What is required: Please copy, word for word, the line that contains "using assms women_enum" and every line after it through the end of the records, and nothing more.

START Entries shown

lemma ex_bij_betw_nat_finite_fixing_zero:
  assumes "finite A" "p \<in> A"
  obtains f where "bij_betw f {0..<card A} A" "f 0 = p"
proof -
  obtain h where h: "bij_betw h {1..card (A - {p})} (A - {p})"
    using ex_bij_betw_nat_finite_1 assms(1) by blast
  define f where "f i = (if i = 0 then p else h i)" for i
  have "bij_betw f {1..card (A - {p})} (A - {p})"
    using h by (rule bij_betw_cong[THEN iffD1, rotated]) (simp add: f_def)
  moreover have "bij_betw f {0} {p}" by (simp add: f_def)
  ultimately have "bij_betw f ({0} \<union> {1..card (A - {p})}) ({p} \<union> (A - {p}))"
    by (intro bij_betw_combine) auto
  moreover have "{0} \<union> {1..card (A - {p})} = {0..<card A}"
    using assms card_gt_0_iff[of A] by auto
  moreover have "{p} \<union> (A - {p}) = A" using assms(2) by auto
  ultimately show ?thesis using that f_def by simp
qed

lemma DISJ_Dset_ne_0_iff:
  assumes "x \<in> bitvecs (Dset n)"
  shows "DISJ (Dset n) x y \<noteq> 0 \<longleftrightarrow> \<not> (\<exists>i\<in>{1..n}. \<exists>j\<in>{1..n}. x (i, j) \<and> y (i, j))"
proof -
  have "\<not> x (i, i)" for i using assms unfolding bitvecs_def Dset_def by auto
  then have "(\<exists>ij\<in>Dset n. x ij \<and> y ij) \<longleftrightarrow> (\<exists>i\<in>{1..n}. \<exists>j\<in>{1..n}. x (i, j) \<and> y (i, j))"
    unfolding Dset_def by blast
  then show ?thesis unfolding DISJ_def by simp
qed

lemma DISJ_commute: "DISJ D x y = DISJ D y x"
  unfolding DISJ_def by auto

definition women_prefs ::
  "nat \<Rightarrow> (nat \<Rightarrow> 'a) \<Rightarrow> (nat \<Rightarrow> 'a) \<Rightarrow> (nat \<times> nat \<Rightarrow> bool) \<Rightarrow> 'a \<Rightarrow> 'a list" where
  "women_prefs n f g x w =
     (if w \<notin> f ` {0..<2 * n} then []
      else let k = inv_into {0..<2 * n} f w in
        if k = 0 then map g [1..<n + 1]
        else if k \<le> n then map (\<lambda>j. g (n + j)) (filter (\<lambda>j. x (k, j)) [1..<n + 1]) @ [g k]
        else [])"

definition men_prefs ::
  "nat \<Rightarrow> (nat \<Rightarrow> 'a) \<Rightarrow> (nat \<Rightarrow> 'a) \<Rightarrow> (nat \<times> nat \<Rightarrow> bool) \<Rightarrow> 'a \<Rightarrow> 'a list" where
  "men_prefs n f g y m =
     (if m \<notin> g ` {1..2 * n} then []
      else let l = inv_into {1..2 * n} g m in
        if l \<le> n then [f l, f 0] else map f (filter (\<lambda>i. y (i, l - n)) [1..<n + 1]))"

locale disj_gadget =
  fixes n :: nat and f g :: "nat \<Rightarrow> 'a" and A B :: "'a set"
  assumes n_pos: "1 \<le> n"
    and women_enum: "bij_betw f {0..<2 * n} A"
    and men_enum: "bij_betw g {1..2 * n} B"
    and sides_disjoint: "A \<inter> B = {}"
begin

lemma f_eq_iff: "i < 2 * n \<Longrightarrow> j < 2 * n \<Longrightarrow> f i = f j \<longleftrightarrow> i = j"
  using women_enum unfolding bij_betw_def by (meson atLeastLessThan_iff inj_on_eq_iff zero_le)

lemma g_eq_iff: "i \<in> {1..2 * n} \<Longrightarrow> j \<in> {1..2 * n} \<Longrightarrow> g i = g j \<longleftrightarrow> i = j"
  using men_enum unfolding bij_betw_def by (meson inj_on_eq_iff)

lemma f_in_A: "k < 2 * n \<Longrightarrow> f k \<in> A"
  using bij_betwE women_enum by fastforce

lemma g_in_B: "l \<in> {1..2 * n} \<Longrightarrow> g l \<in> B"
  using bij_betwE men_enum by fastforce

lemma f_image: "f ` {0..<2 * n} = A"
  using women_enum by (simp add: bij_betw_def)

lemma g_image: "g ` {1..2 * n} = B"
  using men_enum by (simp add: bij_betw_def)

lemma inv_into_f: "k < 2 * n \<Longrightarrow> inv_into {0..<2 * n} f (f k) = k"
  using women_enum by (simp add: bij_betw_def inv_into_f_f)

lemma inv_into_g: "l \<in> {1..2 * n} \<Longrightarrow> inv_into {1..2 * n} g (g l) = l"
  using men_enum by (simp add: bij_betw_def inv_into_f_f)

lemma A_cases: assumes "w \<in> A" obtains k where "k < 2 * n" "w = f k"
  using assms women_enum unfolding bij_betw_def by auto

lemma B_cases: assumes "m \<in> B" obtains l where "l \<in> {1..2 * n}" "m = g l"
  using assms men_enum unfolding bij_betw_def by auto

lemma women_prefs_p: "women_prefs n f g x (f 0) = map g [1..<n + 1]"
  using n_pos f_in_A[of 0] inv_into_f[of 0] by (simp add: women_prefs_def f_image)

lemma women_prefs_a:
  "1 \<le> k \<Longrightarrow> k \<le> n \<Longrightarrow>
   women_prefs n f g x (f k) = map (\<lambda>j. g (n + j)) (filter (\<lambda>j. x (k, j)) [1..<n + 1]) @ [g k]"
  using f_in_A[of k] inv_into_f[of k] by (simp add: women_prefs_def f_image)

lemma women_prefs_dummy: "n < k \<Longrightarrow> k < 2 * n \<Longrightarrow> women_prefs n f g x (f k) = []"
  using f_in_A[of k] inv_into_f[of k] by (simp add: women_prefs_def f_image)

END Entries shown

Reply to the task:
  using assms women_enum unfolding bij_betw_def by auto

lemma B_cases: assumes "m \<in> B" obtains l where "l \<in> {1..2 * n}" "m = g l"
  using assms men_enum unfolding bij_betw_def by auto

lemma women_prefs_p: "women_prefs n f g x (f 0) = map g [1..<n + 1]"
  using n_pos f_in_A[of 0] inv_into_f[of 0] by (simp add: women_prefs_def f_image)

lemma women_prefs_a:
  "1 \<le> k \<Longrightarrow> k \<le> n \<Longrightarrow>
   women_prefs n f g x (f k) = map (\<lambda>j. g (n + j)) (filter (\<lambda>j. x (k, j)) [1..<n + 1]) @ [g k]"
  using f_in_A[of k] inv_into_f[of k] by (simp add: women_prefs_def f_image)

lemma women_prefs_dummy: "n < k \<Longrightarrow> k < 2 * n \<Longrightarrow> women_prefs n f g x (f k) = []"
  using f_in_A[of k] inv_into_f[of k] by (simp add: women_prefs_def f_image)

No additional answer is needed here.